Negative. You cannot legally attach a suppressor to a post-ban rifle where it would add an additional "evil" feature to the rifle. In the case of a post-ban AR-15, you have a semi-automatic rifle with a detachable magazine and a pistol grip. These are all of the "evil" features that can be present on this rifle legally. No more. Attaching a sound suppressor to this rifle would constitute construction of an "assault weapon" in the eyes of the law. In fact, just threading the barrel to accept a suppressor could get you into trouble.

You could, however, attach a suppressor to a post-ban rifle like an M1A because since that rifle already has a flash suppressor in its post-ban form, you would not be adding an additional feature to the rifle. Not trying to start anything here, but you should check your facts on this issue.

Also, the transfer tax for a suppressor is paid on the suppressor itself, not on the weapon.

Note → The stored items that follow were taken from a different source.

(* Fix $\theta,E$, $0<\varepsilon<1/7$, $0<\hat\rho<1/2$, $\ell\in\mathbb{N}$ and $1<\gamma\le|\log\varepsilon|$; set $M=\max\{\ell,|\log\hat\rho|\}$, let $\hat\ell\in\mathbb{N}$ with $\hat\ell>16|\log\varepsilon|M$, and let $\check\gamma=\gamma-6|\log\varepsilon|M/\hat\ell$. Suppose the finite interval $\hat\Lambda\subset\mathbb{Z}$ is partitioned by $\mathcal{P}$ into consecutive intervals $\Lambda_l\cup\Lambda\cup\Lambda_r$ (left to right) such that: (1) $\Lambda_l$ and $\Lambda_r$ each satisfy the Green's function decay property for $(\ell,\gamma)$; (2) $R^{\hat\Lambda}=(H^{\hat\Lambda}(\theta)-E)^{-1}$ is well defined and, writing $\Lambda=[a,b]$ and $P$ for the coordinate projection onto $[a-\ell,b+\ell]\cap\hat\Lambda$, one has $\|P R^{\hat\Lambda}\Gamma^{\hat\Lambda}_{\mathcal{P}}\|\le 2\hat\rho^{-1}$; (3) $|\Lambda|\le M$. Then $\hat\Lambda$ satisfies the Green's function decay property for $(\hat\ell,\check\gamma)$.
   Context: $H^{\Lambda}(\theta)$ is the Dirichlet restriction to a finite interval $\Lambda\subset\mathbb{Z}$ of $H=\varepsilon\Delta+V$, $(H\psi)(n)=\varepsilon(\psi(n+1)+\psi(n-1))+V_n\psi(n)$, with $V_n=v(\theta+n\alpha)$ a real bounded potential: a tridiagonal symmetric matrix with diagonal $V_m$, $m\in\Lambda$, and off-diagonal entries $\varepsilon$. For a partition $\mathcal{P}$ of $\Lambda$ into consecutive intervals $\Lambda_j$, $H^\Lambda_{\mathcal P}=\bigoplus_j H^{\Lambda_j}$ and $\Gamma^\Lambda_{\mathcal P}=H^\Lambda-H^\Lambda_{\mathcal P}$ (the $\varepsilon$ hopping terms connecting adjacent blocks); $R^\Lambda=(H^\Lambda-E)^{-1}$, $R^\Lambda(m,n)=\langle\delta_m,R^\Lambda\delta_n\rangle$. An interval $\Lambda$ satisfies the Green's function decay property for $(\ell,\gamma)$ (at the given $\theta,E$) if $E\notin\operatorname{spec}H^\Lambda(\theta)$ and $\log|R^\Lambda(m,n)|\le-\gamma|m-n|$ for all $m,n\in\Lambda$ with $|m-n|\ge\ell$. *)

theory Defs
  imports Complex_Main
begin
(* Let $\mathcal{K}$ be an amenable closed convex cone in a finite-dimensional Euclidean space and let $P$ be a polyhedral set. Then $\mathcal{K}\cap P$ is an amenable convex set. In particular, if $\mathcal{K}$ is pointed, then $\mathcal{K}=\operatorname{cone}C$ for some compact amenable convex set $C$ (a slice of $\mathcal{K}$).
   Context: $\operatorname{cone}C=\{\lambda x: x\in C,\lambda\ge0\}$. Pointed means $\mathcal{K}\cap(-\mathcal{K})=\{0\}$. A face of a closed convex set $C$ is a closed convex subset $F\subseteq C$ such that whenever $x,y\in C$ and $\alpha x+(1-\alpha)y\in F$ for some $\alpha\in(0,1)$, then $x,y\in F$. A face $F$ of $C$ is amenable if for every bounded set $B$ there exists $\kappa>0$ such that $\operatorname{dist}(x,F)\le\kappa\operatorname{dist}(x,C)$ for all $x\in(\operatorname{aff}F)\cap B$; $C$ is amenable if all its faces are amenable. *)

theory Defs
  imports "HOL-Analysis.Analysis"
begin

definition is_face :: "'a::euclidean_space set \<Rightarrow> 'a set \<Rightarrow> bool" where
  "is_face F C \<longleftrightarrow> closed F \<and> convex F \<and> F \<subseteq> C \<and>
     (\<forall>x\<in>C. \<forall>y\<in>C. \<forall>\<alpha>::real. 0 < \<alpha> \<and> \<alpha> < 1 \<and> \<alpha> *\<^sub>R x + (1 - \<alpha>) *\<^sub>R y \<in> F
        \<longrightarrow> x \<in> F \<and> y \<in> F)"

definition amenable_face :: "'a::euclidean_space set \<Rightarrow> 'a set \<Rightarrow> bool" where
  "amenable_face F C \<longleftrightarrow>
     (\<forall>B. bounded B \<longrightarrow> (\<exists>\<kappa>>0. \<forall>x \<in> (affine hull F) \<inter> B.
        infdist x F \<le> \<kappa> * infdist x C))"

definition amenable_set :: "'a::euclidean_space set \<Rightarrow> bool" where
  "amenable_set C \<longleftrightarrow> closed C \<and> convex C \<and> (\<forall>F. is_face F C \<longrightarrow> amenable_face F C)"

definition cone_gen :: "'a::real_vector set \<Rightarrow> 'a set" where
  "cone_gen C = {t *\<^sub>R x | t x. x \<in> C \<and> (0::real) \<le> t}"

definition pointed :: "'a::real_vector set \<Rightarrow> bool" where
  "pointed K \<longleftrightarrow> K \<inter> uminus ` K = {0}"

end

theory Submission
  imports Defs
begin

text \<open>
  A polyhedron is a finite intersection of halfspaces, so it suffices that amenability survives
  intersection with one halfspace \<open>H = {x. a \<bullet> x \<le> b}\<close>. A nonempty face \<open>G\<close> of \<open>C \<inter> H\<close> is
  pinned down by a point \<open>z\<close> of its relative interior: if \<open>F\<close> is the face of \<open>C\<close> having \<open>z\<close> in
  its relative interior, then \<open>G = F \<inter> H\<close> when \<open>a \<bullet> z < b\<close>, and \<open>G = F \<inter> {x. a \<bullet> x = b}\<close>
  when \<open>a \<bullet> z = b\<close>. The error bound of \<open>F\<close> relative to \<open>C\<close> yields one for \<open>G\<close> relative to
  \<open>C \<inter> H\<close>: project \<open>x\<close> onto \<open>F\<close>, then move the projection \<open>y\<close> inside \<open>F\<close> towards a point
  strictly on the other side of the hyperplane until it reaches \<open>G\<close>. That move is proportional
  to the violation \<open>\<bar>a \<bullet> y - b\<bar>\<close>, which is controlled by the distances from \<open>x\<close> to \<open>F\<close>
  and to \<open>C \<inter> H\<close>.
\<close>

lemma is_face_iff_closed_face_of:
  fixes F C :: "'a::euclidean_space set"
  shows "is_face F C \<longleftrightarrow> closed F \<and> F face_of C"
proof -
  have "(\<forall>x\<in>C. \<forall>y\<in>C. \<forall>\<alpha>::real. 0 < \<alpha> \<and> \<alpha> < 1 \<and> \<alpha> *\<^sub>R x + (1 - \<alpha>) *\<^sub>R y \<in> F \<longrightarrow> x \<in> F \<and> y \<in> F)
      \<longleftrightarrow> (\<forall>a\<in>C. \<forall>b\<in>C. \<forall>x\<in>F. x \<in> open_segment a b \<longrightarrow> a \<in> F \<and> b \<in> F)"
    (is "?is_face \<longleftrightarrow> ?face_of")
  proof
    assume ?is_face
    show ?face_of
    proof (intro ballI impI)
      fix a b x
      assume "a \<in> C" "b \<in> C" "x \<in> F" "x \<in> open_segment a b"
      then obtain u where "0 < 1 - u \<and> 1 - u < 1 \<and> (1 - u) *\<^sub>R a + (1 - (1 - u)) *\<^sub>R b \<in> F"
        by (auto simp: in_segment)
      then show "a \<in> F \<and> b \<in> F"
        using \<open>?is_face\<close> \<open>a \<in> C\<close> \<open>b \<in> C\<close> by blast
    qed
  next
    assume ?face_of
    show ?is_face
    proof (intro ballI allI impI)
      fix x y and \<alpha> :: real
      assume "x \<in> C" "y \<in> C" and \<alpha>: "0 < \<alpha> \<and> \<alpha> < 1 \<and> \<alpha> *\<^sub>R x + (1 - \<alpha>) *\<^sub>R y \<in> F"
      show "x \<in> F \<and> y \<in> F"
      proof (cases "x = y")
        case True
        then show ?thesis using \<alpha> by (simp add: scaleR_add_left[symmetric])
      next
        case False
        then have "\<alpha> *\<^sub>R x + (1 - \<alpha>) *\<^sub>R y \<in> open_segment x y"
          using \<alpha> unfolding in_segment by (intro conjI exI[of _ "1 - \<alpha>"]) auto
        then show ?thesis
          using \<open>?face_of\<close> \<open>x \<in> C\<close> \<open>y \<in> C\<close> \<alpha> by blast
      qed
    qed
  qed
  then show ?thesis
    unfolding is_face_def face_of_def by argo
qed

lemma rel_interior_extension:
  fixes S :: "'a::euclidean_space set"
  assumes "convex S" "z \<in> rel_interior S" "y \<in> S"
  obtains e where "0 < e" "\<And>t. 0 \<le> t \<Longrightarrow> t \<le> e \<Longrightarrow> z + t *\<^sub>R (z - y) \<in> S"
proof -
  obtain m where "1 < m" and m: "\<forall>s. 1 < s \<and> s \<le> m \<longrightarrow> (1 - s) *\<^sub>R y + s *\<^sub>R z \<in> S"
    using convex_rel_interior_if[OF assms(1,2)] hull_inc[OF assms(3)] by blast
  have "z + t *\<^sub>R (z - y) \<in> S" if "0 \<le> t" "t \<le> m - 1" for t
  proof (cases "t = 0")
    case True
    then show ?thesis
      using assms(2) rel_interior_subset by auto
  next
    case False
    then have "1 < 1 + t \<and> 1 + t \<le> m"
      using that by simp
    then have "(1 - (1 + t)) *\<^sub>R y + (1 + t) *\<^sub>R z \<in> S"
      using m by blast
    then show ?thesis
      by (simp add: algebra_simps)
  qed
  moreover have "0 < m - 1"
    using \<open>1 < m\<close> by simp
  ultimately show ?thesis
    using that by blast
qed

lemma face_of_with_rel_interior_point:
  fixes S :: "'a::euclidean_space set"
  assumes "convex S" "x \<in> S"
  obtains F where "F face_of S" "x \<in> rel_interior F"
proof -
  \<comment> \<open>A face through \<open>x\<close> of least dimension works: otherwise a supporting hyperplane at \<open>x\<close>
    cuts a smaller face through \<open>x\<close> out of it.\<close>
  obtain F where F: "F face_of S" "x \<in> F"
    and least: "\<And>T. T face_of S \<Longrightarrow> x \<in> T \<Longrightarrow> nat (aff_dim F + 1) \<le> nat (aff_dim T + 1)"
    using ex_has_least_nat[of "\<lambda>T. T face_of S \<and> x \<in> T" S "\<lambda>T. nat (aff_dim T + 1)"]
      assms face_of_refl by blast
  have "convex F"
    using F(1) face_of_imp_convex by blast
  have "x \<in> rel_interior F"
  proof (rule ccontr)
    assume "x \<notin> rel_interior F"
    then obtain a where a: "\<And>y. y \<in> F \<Longrightarrow> a \<bullet> x \<le> a \<bullet> y"
      and strict: "\<And>y. y \<in> rel_interior F \<Longrightarrow> a \<bullet> x < a \<bullet> y"
      using supporting_hyperplane_rel_boundary \<open>convex F\<close> F(2) by metis
    define T where "T = F \<inter> {y. a \<bullet> y = a \<bullet> x}"
    have "T face_of F"
      unfolding T_def using \<open>convex F\<close> a by (rule face_of_Int_supporting_hyperplane_ge)
    moreover have "T \<noteq> F"
    proof -
      obtain y where "y \<in> rel_interior F"
        using \<open>convex F\<close> F(2) rel_interior_eq_empty by blast
      then have "y \<in> F - T"
        using strict[of y] rel_interior_subset unfolding T_def by fastforce
      then show ?thesis
        by blast
    qed
    ultimately have "aff_dim T < aff_dim F"
      by (rule face_of_aff_dim_lt[OF \<open>convex F\<close>])
    moreover have "nat (aff_dim F + 1) \<le> nat (aff_dim T + 1)"
    proof (rule least)
      show "T face_of S"
        using \<open>T face_of F\<close> F(1) by (rule face_of_trans)
      show "x \<in> T"
        unfolding T_def using F(2) by simp
    qed
    ultimately show False
      using aff_dim_geq[of T] by linarith
  qed
  then show ?thesis
    using F that by blast
qed
theorem lemma3:
  fixes \<Gamma> :: "real \<times> real \<Rightarrow> real^3"
    and G :: "complex \<times> complex \<Rightarrow> complex^3"
    and C0 R0 b :: real
  assumes per0: "\<And>x y. \<Gamma> (x + 2*pi, y) = \<Gamma> (x, y)"
    and per1: "\<And>x y. \<Gamma> (x, y + 2*pi) = \<Gamma> (x, y)"
    and diff: "\<And>t. \<Gamma> differentiable (at t)"
    and torus: "\<exists>\<Omega>. open \<Omega> \<and> bounded \<Omega> \<and> diffeomorphic_smooth \<Omega> solid_torus \<and>
                  frontier \<Omega> = \<Gamma> ` (I2pi \<times> I2pi) \<and> inj_on \<Gamma> (I2pi \<times> I2pi)"
    and A1: "C0 > 0"
            "\<And>\<theta> \<eta>. \<theta> \<in> I2pi \<times> I2pi \<Longrightarrow> \<eta> \<in> I2pi \<times> I2pi \<Longrightarrow>
                 norm (\<Gamma> \<theta> - \<Gamma> \<eta>) \<ge> C0 * zeta (\<theta> - \<eta>)"
    and A2: "R0 > 0"
            "\<exists>U. open U \<and> closure (strip R0 \<times> strip R0) \<subseteq> U \<and>
                 (\<forall>j. holo2_on U (\<lambda>w. G w $ j))"
            "\<And>x y. G (complex_of_real x, complex_of_real y) = (\<chi> j. complex_of_real (\<Gamma> (x, y) $ j))"
    and b: "0 < b" "b < min (C0\<^sup>2 / (sqrt 2 * M0c G R0 * M1c G R0)) (R0 / 2)"
  shows "\<exists>c>0. \<forall>z \<in> strip (bstar G C0 R0 b) \<times> strip (bstar G C0 R0 b).
           \<forall>\<theta> \<in> I2pi \<times> I2pi.
             let z\<theta> = (fst z + complex_of_real (fst \<theta>), snd z + complex_of_real (snd \<theta>)) in
             cmod (cdot (G z - G z\<theta>) (ccross (dG0 G z\<theta>) (dG1 G z\<theta>))) \<le> c * (zeta \<theta>)\<^sup>2"
proof -
  have hol: "holo2_on (strip R0 \<times> strip R0) (\<lambda>w. G w $ j)" for j
    using A2(2) closure_subset holo2_on_subset by meson
  have "G (of_real (x + 2*pi), of_real y) = G (of_real x, of_real y)"
    and "G (of_real x, of_real (y + 2*pi)) = G (of_real x, of_real y)" for x y
    by (simp_all only: A2(3) per0 per1)
  note G_per = holo2_vec_periodic[OF A2(1) hol this]
  obtain K where "0 \<le> K" and bnd: "\<And>z j. z \<in> strip (3*R0/4) \<times> strip (3*R0/4) \<Longrightarrow> cmod (G z $ j) \<le> K"
    by (rule holo2_vec_bounded_on_substrip[where a = "3*R0/4", OF _ _ hol G_per]) (use A2(1) in auto)
  have "strip (3*R0/4) \<subseteq> strip R0"
    using A2(1) by (intro strip_mono) simp
  then have hol': "holo2_on (strip (3*R0/4) \<times> strip (3*R0/4)) (\<lambda>w. G w $ j)" for j
    by (intro holo2_on_subset[OF hol]) auto
  have bstar_sub: "strip (bstar G C0 R0 b) \<subseteq> strip (R0/2)"
    using bstar_less_half[OF b(2)] by (simp add: strip_mono)
  show ?thesis
  proof (intro exI[of _ "12 * (K + 1)^3 / (R0/8)^4"] conjI ballI)
    fix z and \<theta> :: "real \<times> real" assume "z \<in> strip (bstar G C0 R0 b) \<times> strip (bstar G C0 R0 b)"
    then have z: "fst z \<in> strip (R0/2)" "snd z \<in> strip (R0/2)"
      using bstar_sub by auto
    then have zR: "fst z \<in> strip R0" "snd z \<in> strip R0"
      using strip_mono[of "R0/2" R0] A2(1) by auto
    obtain s0 s1 where s: "\<bar>s0\<bar> \<le> zeta \<theta>" "\<bar>s1\<bar> \<le> zeta \<theta>"
      and Gz: "G (fst z, snd z) = G (fst z + of_real (fst \<theta>) - of_real s0, snd z + of_real (snd \<theta>) - of_real s1)"
      using periodic_shift_le_zeta[where g = G and \<theta> = \<theta>, OF G_per zR] by blast
    have "fst z + of_real (fst \<theta>) \<in> strip (R0/2)" "snd z + of_real (snd \<theta>) \<in> strip (R0/2)"
      using z by simp_all
    from cdot_chord_ccross_bound[OF hol' bnd _ this s] A2(1)
    show "let z\<theta> = (fst z + of_real (fst \<theta>), snd z + of_real (snd \<theta>)) in
        cmod (cdot (G z - G z\<theta>) (ccross (dG0 G z\<theta>) (dG1 G z\<theta>))) \<le> 12 * (K + 1)^3 / (R0/8)^4 * (zeta \<theta>)\<^sup>2"
      by (simp add: Let_def flip: Gz)
  qed (use \<open>0 \<le> K\<close> A2(1) in simp)
qed

end
(* For every integer $k\ge1$ and every $x\in\mathbb{C}$, $$\sum_{n=0}^{k}p(n)x^n=\det\big[d_{i-j}-x\,d_{i-j+1}\big]_{0\le i,j\le k-1}.$$
   Context: $p(n)$ is the number of partitions of $n$ ($p(0)=1$). With $q_m=m(3m-1)/2$ ($m\in\mathbb{Z}$) the generalized pentagonal numbers, $d_q=(-1)^m$ if $q=q_m$ for some $m$, $d_q=0$ for other integers $q\ge0$, and $d_q=0$ for $q<0$; thus $\sum_{q\ge0}d_qz^q=\prod_{k\ge1}(1-z^k)$. *)

theory Defs
  imports Complex_Main "HOL-Library.Multiset" "Jordan_Normal_Form.Determinant"
begin

definition partition_count :: "nat \<Rightarrow> nat" where
  "partition_count n = card {M :: nat multiset. (\<forall>x\<in>#M. 0 < x) \<and> sum_mset M = n}"

definition pent_coeff :: "int \<Rightarrow> complex" where
  "pent_coeff q = (if 0 \<le> q \<and> (\<exists>m::int. 2 * q = m * (3 * m - 1))
     then (-1) ^ nat \<bar>THE m::int. 2 * q = m * (3 * m - 1)\<bar> else 0)"

end

theory Submission
  imports Defs "HOL-Library.Disjoint_Sets"
begin

text \<open>
  The generating functions of d and p are inverse to each other, which on coefficients reads
  sum_{l<=n} d(l) p(n - l) = [n = 0]. Both ingredients are proved bijectively: d(n) is the
  number of partitions of n into an even number of distinct parts minus those into an odd
  number (Franklin's involution, i.e. Euler's pentagonal number theorem), and the convolution
  identity follows from the sign-reversing involution on pairs (distinct-part partition,
  partition) that moves the overall smallest part from one component to the other.

  With P = [p(i - j)] lower unitriangular, the identity turns M = [d(i - j) - x d(i - j + 1)]
  into P M = I - x S + x c e_0^T, where S is the superdiagonal shift and c = (p(i + 1))_i.
  Multiplying by the upper unitriangular U = [x^(j - i)] (zero below the diagonal) clears
  everything above the diagonal and leaves the diagonal (sum_{n<=k} p(n) x^n, 1, ..., 1);
  since det U = det P = 1, this is det M.
\<close>

section \<open>Runs and strict partitions\<close>

fun consec_run :: "nat list \<Rightarrow> nat" where
  "consec_run [] = 0"
| "consec_run [x] = 1"
| "consec_run (x # y # ys) = (if x = Suc y then Suc (consec_run (y # ys)) else 1)"

lemma consec_run_pos: "L \<noteq> [] \<Longrightarrow> 0 < consec_run L"
  by (induction L rule: consec_run.induct) auto

lemma consec_run_le_length: "consec_run L \<le> length L"
  by (induction L rule: consec_run.induct) auto

lemma consec_run_maximal:
  "0 < consec_run L \<Longrightarrow> consec_run L < length L \<Longrightarrow>
   L ! (consec_run L - 1) \<noteq> Suc (L ! consec_run L)"
proof (induction L rule: consec_run.induct)
  case (3 x y ys)
  show ?case
  proof (cases "x = Suc y")
    case True
    have pos: "0 < consec_run (y # ys)" by (rule consec_run_pos) simp
    moreover have "consec_run (y # ys) < length (y # ys)" using 3(3) True by simp
    ultimately have "(y # ys) ! (consec_run (y # ys) - 1) \<noteq> Suc ((y # ys) ! consec_run (y # ys))"
      using 3(1) True by blast
    then show ?thesis using True pos by (cases "consec_run (y # ys)") auto
  qed simp
qed auto

lemma consec_run_append:
  assumes "xs \<noteq> []" "consec_run xs = length xs"
  shows "consec_run (xs @ ys) =
    (if ys \<noteq> [] \<and> last xs = Suc (hd ys) then length xs + consec_run ys else length xs)"
  using assms
proof (induction xs rule: consec_run.induct)
  case (2 x)
  then show ?case by (cases ys) auto
next
  case (3 x y zs)
  then have "x = Suc y" by (auto split: if_splits)
  with 3 show ?case by auto
qed auto

lemma consec_run_map_Suc: "consec_run (map Suc xs) = consec_run xs"
  by (induction xs rule: consec_run.induct) auto

lemma consec_run_map_pred: "0 \<notin> set xs \<Longrightarrow> consec_run (map (\<lambda>y. y - 1) xs) = consec_run xs"
  by (induction xs rule: consec_run.induct) auto

lemma consec_run_take: "0 < s \<Longrightarrow> s \<le> consec_run L \<Longrightarrow> consec_run (take s L) = s"
proof (induction L arbitrary: s rule: consec_run.induct)
  case (2 x)
  then show ?case by (cases s) auto
next
  case (3 x y ys)
  then obtain t where s: "s = Suc t" by (cases s) auto
  show ?case
  proof (cases t)
    case (Suc u)
    with 3 s have "x = Suc y" "t \<le> consec_run (y # ys)" by (auto split: if_splits)
    with 3(1)[of t] Suc s show ?thesis by simp
  qed (simp add: s)
qed auto

lemma sum_list_map_Suc: "sum_list (map Suc xs) = sum_list xs + length xs"
  by (induction xs) auto

lemma sum_list_map_pred:
  "0 \<notin> set xs \<Longrightarrow> sum_list (map (\<lambda>y. y - 1) xs) + length xs = sum_list (xs :: nat list)"
  by (induction xs) auto

lemma sorted_wrt_greater_last_le:
  fixes L :: "nat list"
  assumes "sorted_wrt (>) L" "x \<in> set L"
  shows "last L \<le> x"
proof -
  obtain L' a where L: "L = L' @ [a]" using assms(2) by (cases L rule: rev_cases) auto
  then show ?thesis using assms by (auto simp: sorted_wrt_append)
qed

lemma sorted_wrt_greater_le_hd:
  fixes L :: "nat list"
  assumes "sorted_wrt (>) L" "x \<in> set L"
  shows "x \<le> hd L"
  using assms by (cases L) auto

definition strict_partitions :: "nat \<Rightarrow> nat list set" where
  "strict_partitions n = {L. sorted_wrt (>) L \<and> 0 \<notin> set L \<and> sum_list L = n}"

lemma strict_partitions_0: "strict_partitions 0 = {[]}"
  by (auto simp: strict_partitions_def) (metis list.set_intros(1) neq_Nil_conv)

lemma finite_strict_partitions: "finite (strict_partitions n)"
proof (rule finite_subset)
  show "strict_partitions n \<subseteq> {xs. set xs \<subseteq> {1..n} \<and> length xs \<le> n}"
  proof safe
    fix L x assume "L \<in> strict_partitions n" "x \<in> set L"
    then show "x \<in> {1..n}"
      by (auto simp: strict_partitions_def Suc_le_eq member_le_sum_list intro: gr0I)
  next
    fix L assume L: "L \<in> strict_partitions n"
    have "length L \<le> sum_list L" if "0 \<notin> set L" for L :: "nat list"
      using that by (induction L) (auto simp: Suc_le_eq)
    with L show "length L \<le> n" by (auto simp: strict_partitions_def)
  qed
qed (simp add: finite_lists_length_le)

section \<open>Franklin's involution\<close>

text \<open>For a strict partition with smallest part s and an initial run of r consecutive parts,
  franklin_lower removes the part s and adds 1 to the s largest parts (possible when s \<le> r,
  except when all parts form the run and s = r), and franklin_raise subtracts 1 from the r parts
  of the run and appends r as new smallest part (possible when r < s, except when all parts
  form the run and s = r + 1). The two exceptions are the pentagonal staircases.\<close>
definition franklin_lower :: "nat list \<Rightarrow> nat list" where
  "franklin_lower L = map Suc (take (last L) L) @ butlast (drop (last L) L)"

definition franklin_raise :: "nat list \<Rightarrow> nat list" where
  "franklin_raise L =
     map (\<lambda>y. y - 1) (take (consec_run L) L) @ drop (consec_run L) L @ [consec_run L]"

definition franklin_A :: "nat \<Rightarrow> nat list set" where
  "franklin_A n = {L \<in> strict_partitions n. L \<noteq> [] \<and> last L \<le> consec_run L \<and> last L < length L}"

definition franklin_B :: "nat \<Rightarrow> nat list set" where
  "franklin_B n = {L \<in> strict_partitions n. L \<noteq> [] \<and> consec_run L < last L \<and>
     \<not> (consec_run L = length L \<and> last L = Suc (consec_run L))}"

lemma franklin_A_decomp:
  assumes "L \<in> franklin_A n"
  obtains T R where "L = T @ R @ [last L]" "length T = last L" "consec_run T = last L" "0 < last L"
proof -
  define s where "s = last L"
  from assms have L: "L \<noteq> []" "0 \<notin> set L" and s: "s \<le> consec_run L" "s < length L"
    by (auto simp: franklin_A_def strict_partitions_def s_def)
  have "0 < s" using L unfolding s_def by (metis last_in_set gr0I)
  have "drop s L \<noteq> []" "last (drop s L) = s" using s(2) by (auto simp: s_def)
  then have "drop s L = butlast (drop s L) @ [s]" by (metis append_butlast_last_id)
  then have "L = take s L @ butlast (drop s L) @ [s]" by (metis append_take_drop_id)
  then show thesis
    using that consec_run_take[OF \<open>0 < s\<close> s(1)] s(2) \<open>0 < s\<close> unfolding s_def by simp
qed

lemma franklin_lower_decomp:
  "L = T @ R @ [s] \<Longrightarrow> length T = s \<Longrightarrow> franklin_lower L = map Suc T @ R"
  by (simp add: franklin_lower_def)

lemma consec_run_franklin_lower:
  assumes "L \<in> franklin_A n"
  shows "consec_run (franklin_lower L) = last L"
proof -
  obtain T R where L: "L = T @ R @ [last L]" and T: "length T = last L" "consec_run T = last L"
    and pos: "0 < last L"
    using franklin_A_decomp[OF assms] .
  have "sorted_wrt (>) (T @ R @ [last L])" using assms L by (simp add: franklin_A_def strict_partitions_def)
  moreover have "T \<noteq> []" using T pos by auto
  ultimately have "R \<noteq> [] \<Longrightarrow> hd R < last T" by (auto simp: sorted_wrt_append)
  then show ?thesis
    using consec_run_append[of "map Suc T" R] \<open>T \<noteq> []\<close> T
    by (auto simp: franklin_lower_decomp[OF L T(1)] consec_run_map_Suc last_map)
qed

lemma franklin_lower_in_B:
  assumes "L \<in> franklin_A n"
  shows "franklin_lower L \<in> franklin_B n"
proof -
  obtain T R where L: "L = T @ R @ [last L]" and T: "length T = last L" "consec_run T = last L"
    and pos: "0 < last L"
    using franklin_A_decomp[OF assms] .
  define s where "s = last L"
  have lower: "franklin_lower L = map Suc T @ R" using franklin_lower_decomp[OF L T(1)] .
  have sorted: "sorted_wrt (>) (T @ R @ [s])" and parts: "0 \<notin> set (T @ R @ [s])"
    and sum: "sum_list (T @ R @ [s]) = n"
    using assms L by (simp_all add: franklin_A_def strict_partitions_def s_def)
  have "T \<noteq> []" using T pos by auto
  then have "s < last T" using sorted by (simp add: sorted_wrt_append)
  have above_s: "s < last (map Suc T @ R)"
  proof (cases "R = []")
    case True
    then show ?thesis using \<open>T \<noteq> []\<close> \<open>s < last T\<close> by (simp add: last_map)
  qed (use sorted in \<open>simp add: sorted_wrt_append\<close>)
  have "sorted_wrt (>) (map Suc T @ R)"
    using sorted by (auto simp: sorted_wrt_append sorted_wrt_map intro: less_SucI)
  moreover have "0 \<notin> set (map Suc T @ R)" using parts by auto
  moreover have "sum_list (map Suc T @ R) = n" using sum T by (simp add: sum_list_map_Suc s_def)
  moreover have "\<not> (s = length (map Suc T @ R) \<and> last (map Suc T @ R) = Suc s)"
    using \<open>s < last T\<close> \<open>T \<noteq> []\<close> T(1) by (cases "R = []") (auto simp: sorted_wrt_append last_map s_def)
  ultimately show ?thesis
    using above_s consec_run_franklin_lower[OF assms] \<open>T \<noteq> []\<close>
    unfolding franklin_B_def strict_partitions_def lower s_def by auto
qed

lemma franklin_raise_lower:
  assumes "L \<in> franklin_A n"
  shows "franklin_raise (franklin_lower L) = L"
proof -
  obtain T R where L: "L = T @ R @ [last L]" and T: "length T = last L" "consec_run T = last L"
    and pos: "0 < last L"
    using franklin_A_decomp[OF assms] .
  have "take (last L) (map Suc T @ R) = map Suc T" "drop (last L) (map Suc T @ R) = R"
    using T(1) by simp_all
  then have "franklin_raise (franklin_lower L) = T @ R @ [last L]"
    using consec_run_franklin_lower[OF assms]
    by (simp add: franklin_raise_def franklin_lower_decomp[OF L T(1)] comp_def)
  with L show ?thesis by simp
qed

You can also have a number of features, you will pay a seperate tax stamp for each. I have seen numerous people get as many as 4 tax stamps on one weapon.
I don't know who you saw that had 4 tax stamps on one weapon. The only multiple stamp example I can think of off the top of my head would be a weapon like an HK MP5SD. You would pay for 1 tax stamp for the transfer of a machine gun and another tax stamp for the suppressor since it is an integral part of the gun. You don't just pay ATF $200 every time you want to add a bayonet lug or a collapsible stock. It doesn't work like that.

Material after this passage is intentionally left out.